## Instructions to follow:
Wherever a line in the records below contains "blast", copy that line.

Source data
lemma admissible_not_square_dvd:
  assumes p: "prime p" "p \<notin> {2, 3, 7, 43}" and adm: "admissible p n"
    and smaller: "\<And>r. prime r \<Longrightarrow> r dvd n \<Longrightarrow> r < p \<Longrightarrow> r \<in> {2, 3, 7, 43}"
  shows "\<not> p ^ 2 dvd n"
proof
  assume "p ^ 2 dvd n"
  then have "(p - 1) dvd n"
    by (rule admissibleD(3)[OF adm])
  have "p > 1"
    using p prime_gt_1_nat by blast
  have "(p - 1) dvd 1806"
  proof (rule admissible_divisor_dvd_1806[OF adm \<open>(p - 1) dvd n\<close>])
    show "p - 1 > 0" "\<not> p dvd p - 1"
      using \<open>p > 1\<close> by (simp_all add: nat_dvd_not_less)
    show "r \<in> {2, 3, 7, 43}" if "prime r" "r dvd p - 1" for r
    proof (rule smaller[OF that(1)])
      show "r dvd n"
        using \<open>r dvd p - 1\<close> \<open>(p - 1) dvd n\<close> by (rule dvd_trans)
      have "r \<le> p - 1"
        using \<open>r dvd p - 1\<close> \<open>p > 1\<close> by (simp add: dvd_imp_le)
      then show "r < p"
        using \<open>p > 1\<close> by simp
    qed
  qed
  then show False
    using prime_pred_dvd_1806 p by blast
qed

lemma admissible_prime_factor:
  assumes p: "prime p" "p \<notin> {2, 3, 7, 43}"
    and no_primes: "\<forall>m\<in>{2, 6, 14, 42, 86, 258, 602, 1806::nat}. \<not> prime (1 + m * p)"
    and adm: "admissible p n"
  shows "prime q \<Longrightarrow> q dvd n \<Longrightarrow> q \<noteq> p \<Longrightarrow> q \<in> {2, 3, 7, 43}"
proof (induction q rule: less_induct)
  case (less q)
  have "(q - 1) dvd n"
    using admissibleD(2)[OF adm less.prems] .
  have "q \<ge> 2"
    using less.prems(1) prime_ge_2_nat by blast
  have small: "g dvd 1806" if "g dvd q - 1" "\<not> p dvd g" for g
  proof (rule admissible_divisor_dvd_1806[OF adm _ _ that(2)])
    show "g dvd n"
      using that(1) \<open>(q - 1) dvd n\<close> by (rule dvd_trans)
    show "g > 0"
      using that(1) \<open>q \<ge> 2\<close> by (cases "g = 0") auto
    show "r \<in> {2, 3, 7, 43}" if "prime r" "r dvd g" for r
    proof (rule less.IH)
      have "r dvd q - 1"
        using that(2) \<open>g dvd q - 1\<close> by (rule dvd_trans)
      then have "r \<le> q - 1"
        using \<open>q \<ge> 2\<close> by (simp add: dvd_imp_le)
      then show "r < q"
        using \<open>q \<ge> 2\<close> by simp
      show "r dvd n"
        using \<open>r dvd q - 1\<close> \<open>(q - 1) dvd n\<close> by (rule dvd_trans)
      show "r \<noteq> p"
        using that(2) \<open>\<not> p dvd g\<close> by blast
    qed fact
  qed
  show ?case
  proof (rule ccontr)
    assume "q \<notin> {2, 3, 7, 43}"
    then have "q > 2"
      using \<open>q \<ge> 2\<close> by auto
    consider "\<not> p dvd q - 1" | g where "q - 1 = p * g" "p dvd g" | g where "q - 1 = p * g" "\<not> p dvd g"
      by (metis dvdE)
    then show False
    proof cases
      case 1
      then have "q \<in> {2, 3, 7, 43}"
        using small[OF dvd_refl] prime_pred_dvd_1806 less.prems(1) by blast
      with \<open>q \<notin> {2, 3, 7, 43}\<close> show False
        by simp
    next
      case (2 g)
      then have "p ^ 2 dvd q - 1"
        by (simp add: power2_eq_square)
      then have "p ^ 2 dvd n" and "p ^ 2 \<le> q - 1"
        using \<open>(q - 1) dvd n\<close> \<open>q > 2\<close> by (simp_all add: dvd_trans dvd_imp_le)
      moreover have "p < p ^ 2"
        using prime_gt_1_nat[OF p(1)] by (simp add: power2_eq_square)
      ultimately have "p < q"
        by simp
      with less.IH have "\<not> p ^ 2 dvd n"
        by (intro admissible_not_square_dvd[OF p adm]) simp
      with \<open>p ^ 2 dvd n\<close> show False
        by simp
    next
      case (3 g)
      then have "g dvd 1806"
        using small by simp
      have q_eq: "q = 1 + g * p"
        using 3 \<open>q > 2\<close> by (simp add: mult.commute)
      have "odd p"
        using p prime_odd_nat prime_ge_2_nat by (metis insertCI le_neq_implies_less)
      moreover have "odd q"
        using less.prems(1) \<open>q > 2\<close> by (rule prime_odd_nat)
      ultimately have "even g"
        using q_eq by auto
      then have "g \<in> {2, 6, 14, 42, 86, 258, 602, 1806}"
        using dvd_1806_cases[OF \<open>g dvd 1806\<close>] by auto
      then show False
        using no_primes less.prems(1) q_eq by blast
    qed
  qed
qed

lemma admissible_cases:
  assumes p: "prime p" "p \<notin> {2, 3, 7, 43}"
    and no_primes: "\<forall>m\<in>{2, 6, 14, 42, 86, 258, 602, 1806::nat}. \<not> prime (1 + m * p)"
    and adm: "admissible p n" and "n > 0"
  shows "n \<in> {1, 2, 6, 42, 1806} \<union> scale_set p {1, 2, 6, 42, 1806}"
proof -
  have factors: "q \<in> {2, 3, 7, 43}" if "prime q" "q dvd n" "q \<noteq> p" for q
    using admissible_prime_factor[OF p no_primes adm] that .
  then have "\<not> p ^ 2 dvd n"
    using admissible_not_square_dvd[OF p adm] by blast
  define m where "m = (if p dvd n then n div p else n)"
  have n_eq: "n = m \<or> n = p * m"
    by (auto simp: m_def)
  have "\<not> p dvd m"
    using \<open>\<not> p ^ 2 dvd n\<close> by (auto simp: m_def power2_eq_square elim!: dvdE)
  have "m dvd n" "m > 0"
    using n_eq \<open>n > 0\<close> by auto
  have m_factors: "q dvd n" "q \<noteq> p" "q \<in> {2, 3, 7, 43}" if "prime q" "q dvd m" for q
  proof -
    show "q dvd n"
      using \<open>q dvd m\<close> \<open>m dvd n\<close> by (rule dvd_trans)
    show "q \<noteq> p"
      using \<open>q dvd m\<close> \<open>\<not> p dvd m\<close> by blast
    show "q \<in> {2, 3, 7, 43}"
      using factors[OF \<open>prime q\<close> \<open>q dvd n\<close> \<open>q \<noteq> p\<close>] .
  qed
  have "m dvd 1806"
    using admissible_divisor_dvd_1806[OF adm \<open>m dvd n\<close> \<open>m > 0\<close> \<open>\<not> p dvd m\<close>] m_factors(3) .
  have pred_dvd: "(q - 1) dvd m" if "prime q" "q dvd m" for q
  proof -
    have "(q - 1) dvd 1806"
      using m_factors(3)[OF that] by auto
    then have "\<not> p dvd q - 1"
      using p prime_dvd_1806 dvd_trans by metis
    then have "coprime p (q - 1)"
      using p(1) by (simp add: prime_imp_coprime)
    moreover have "(q - 1) dvd n"
      using admissibleD(2)[OF adm that(1) m_factors(1,2)[OF that]] .
    ultimately show ?thesis
      using n_eq by (metis coprime_commute coprime_dvd_mult_right_iff)
  qed
  then have "m \<in> {1, 2, 6, 42, 1806}"
    using dvd_1806_cases[OF \<open>m dvd 1806\<close>] pred_dvd[OF prime_2_3_7_43(2)]
      pred_dvd[OF prime_2_3_7_43(3)] pred_dvd[OF prime_2_3_7_43(4)] by auto
  with n_eq show ?thesis
    by (auto simp: scale_set_def)
qed

theorem mainTheorem12:
  fixes p :: nat
  assumes "prime p"
    and "p \<notin> {2, 3, 7, 43}"
    and "\<forall>m\<in>{2, 6, 14, 42, 86, 258, 602, 1806::nat}. \<not> prime (1 + m * p)"
  shows "M (int p) \<subseteq> {1, 2, 6, 42, 1806} \<union> scale_set p {1, 2, 6, 42, 1806}
         \<and> finite (M (int p))"
proof -
  have "M (int p) \<subseteq> {1, 2, 6, 42, 1806} \<union> scale_set p {1, 2, 6, 42, 1806}"
  proof
    fix n
    assume "n \<in> M (int p)"
    then have "admissible p n" "n > 0"
      using M_imp_admissible[OF assms(1)] by (auto simp: M_def)
    then show "n \<in> {1, 2, 6, 42, 1806} \<union> scale_set p {1, 2, 6, 42, 1806}"
      using admissible_cases[OF assms] by blast
  qed
  moreover have "finite ({1, 2, 6, 42, 1806} \<union> scale_set p {1, 2, 6, 42, 1806})"
    by (simp add: scale_set_def)
  ultimately show ?thesis
    using finite_subset by blast
qed

end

## Solution below:
    using p prime_gt_1_nat by blast
    using prime_pred_dvd_1806 p by blast
    using less.prems(1) prime_ge_2_nat by blast
        using that(2) \<open>\<not> p dvd g\<close> by blast
        using small[OF dvd_refl] prime_pred_dvd_1806 less.prems(1) by blast
        using no_primes less.prems(1) q_eq by blast
    using admissible_not_square_dvd[OF p adm] by blast
      using \<open>q dvd m\<close> \<open>\<not> p dvd m\<close> by blast
      using admissible_cases[OF assms] by blast
    using finite_subset by blast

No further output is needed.